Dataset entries

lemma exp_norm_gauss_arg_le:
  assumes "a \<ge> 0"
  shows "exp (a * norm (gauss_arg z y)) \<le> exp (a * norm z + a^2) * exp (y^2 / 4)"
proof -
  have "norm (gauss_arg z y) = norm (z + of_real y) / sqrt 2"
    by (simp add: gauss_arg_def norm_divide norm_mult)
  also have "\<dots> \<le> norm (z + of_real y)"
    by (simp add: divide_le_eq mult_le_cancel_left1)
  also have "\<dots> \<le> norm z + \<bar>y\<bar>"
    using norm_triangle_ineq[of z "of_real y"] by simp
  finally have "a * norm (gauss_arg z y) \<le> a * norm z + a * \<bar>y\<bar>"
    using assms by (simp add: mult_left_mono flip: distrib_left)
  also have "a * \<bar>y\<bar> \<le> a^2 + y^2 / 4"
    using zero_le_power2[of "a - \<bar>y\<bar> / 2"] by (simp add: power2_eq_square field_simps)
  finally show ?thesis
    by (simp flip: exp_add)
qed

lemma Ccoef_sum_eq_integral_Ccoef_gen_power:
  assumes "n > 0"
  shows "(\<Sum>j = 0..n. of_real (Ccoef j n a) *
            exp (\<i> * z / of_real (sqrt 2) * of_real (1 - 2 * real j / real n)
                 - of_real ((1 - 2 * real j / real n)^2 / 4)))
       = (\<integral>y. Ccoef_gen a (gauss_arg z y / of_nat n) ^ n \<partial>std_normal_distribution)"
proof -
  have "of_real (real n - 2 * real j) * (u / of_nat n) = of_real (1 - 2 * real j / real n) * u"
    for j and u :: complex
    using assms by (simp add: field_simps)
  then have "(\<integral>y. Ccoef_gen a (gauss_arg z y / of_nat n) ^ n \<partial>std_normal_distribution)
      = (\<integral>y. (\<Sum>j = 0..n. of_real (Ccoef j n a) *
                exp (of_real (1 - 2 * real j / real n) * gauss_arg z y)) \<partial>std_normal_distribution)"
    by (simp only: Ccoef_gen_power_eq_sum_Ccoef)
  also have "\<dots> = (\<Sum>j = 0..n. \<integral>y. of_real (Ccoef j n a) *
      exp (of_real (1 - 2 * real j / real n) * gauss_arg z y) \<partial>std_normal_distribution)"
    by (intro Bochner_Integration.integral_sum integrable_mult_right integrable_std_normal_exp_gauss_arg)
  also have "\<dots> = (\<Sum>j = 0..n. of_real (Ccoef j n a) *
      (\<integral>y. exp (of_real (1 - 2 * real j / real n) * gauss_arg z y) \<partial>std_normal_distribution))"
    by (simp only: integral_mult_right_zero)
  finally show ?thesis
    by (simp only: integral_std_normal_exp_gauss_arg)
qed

--

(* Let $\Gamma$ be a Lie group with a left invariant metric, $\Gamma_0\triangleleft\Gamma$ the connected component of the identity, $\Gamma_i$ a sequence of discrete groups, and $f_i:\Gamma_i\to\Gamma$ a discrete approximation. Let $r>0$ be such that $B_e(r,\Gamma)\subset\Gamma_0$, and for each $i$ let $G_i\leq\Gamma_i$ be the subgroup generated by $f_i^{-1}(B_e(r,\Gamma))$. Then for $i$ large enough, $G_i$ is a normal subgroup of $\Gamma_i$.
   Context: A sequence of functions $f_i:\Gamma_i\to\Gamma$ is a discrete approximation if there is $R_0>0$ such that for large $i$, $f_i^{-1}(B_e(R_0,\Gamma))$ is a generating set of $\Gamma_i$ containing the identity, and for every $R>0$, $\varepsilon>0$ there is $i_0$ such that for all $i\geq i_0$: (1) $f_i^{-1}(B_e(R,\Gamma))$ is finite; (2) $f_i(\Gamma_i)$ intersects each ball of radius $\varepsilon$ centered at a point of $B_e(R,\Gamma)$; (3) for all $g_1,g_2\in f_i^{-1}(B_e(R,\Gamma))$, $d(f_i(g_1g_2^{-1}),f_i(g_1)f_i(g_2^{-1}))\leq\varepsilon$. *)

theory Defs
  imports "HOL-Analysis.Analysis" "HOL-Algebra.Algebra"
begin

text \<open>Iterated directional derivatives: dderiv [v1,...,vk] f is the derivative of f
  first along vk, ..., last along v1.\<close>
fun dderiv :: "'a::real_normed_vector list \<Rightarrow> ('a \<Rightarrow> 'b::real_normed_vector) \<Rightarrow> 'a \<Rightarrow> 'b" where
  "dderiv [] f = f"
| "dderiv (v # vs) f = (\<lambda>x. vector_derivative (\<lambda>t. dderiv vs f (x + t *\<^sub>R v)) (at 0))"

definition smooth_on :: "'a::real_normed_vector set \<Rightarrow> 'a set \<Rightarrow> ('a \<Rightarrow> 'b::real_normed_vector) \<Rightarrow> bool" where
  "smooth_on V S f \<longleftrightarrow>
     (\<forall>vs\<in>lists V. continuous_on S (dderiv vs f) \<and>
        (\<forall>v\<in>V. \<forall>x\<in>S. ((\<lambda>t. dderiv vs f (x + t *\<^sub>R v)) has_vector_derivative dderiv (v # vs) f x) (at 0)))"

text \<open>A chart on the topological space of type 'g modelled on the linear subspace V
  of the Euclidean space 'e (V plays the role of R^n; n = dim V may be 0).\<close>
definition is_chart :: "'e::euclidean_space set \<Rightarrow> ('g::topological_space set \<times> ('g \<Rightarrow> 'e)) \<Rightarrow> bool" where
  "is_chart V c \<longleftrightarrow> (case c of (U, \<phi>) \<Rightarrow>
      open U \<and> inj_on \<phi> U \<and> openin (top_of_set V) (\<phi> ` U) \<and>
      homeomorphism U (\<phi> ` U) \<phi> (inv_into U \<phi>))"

### REQUIREMENT
After locating the line with "first along vk, ..., last along v1.\<close>" above, return that line and every later line through the one with "f = (\<lambda>x.", word for word and with nothing else.

### WRITTEN SOLUTION
  first along vk, ..., last along v1.\<close>
fun dderiv :: "'a::real_normed_vector list \<Rightarrow> ('a \<Rightarrow> 'b::real_normed_vector) \<Rightarrow> 'a \<Rightarrow> 'b" where
  "dderiv [] f = f"
| "dderiv (v # vs) f = (\<lambda>x. vector_derivative (\<lambda>t. dderiv vs f (x + t *\<^sub>R v)) (at 0))"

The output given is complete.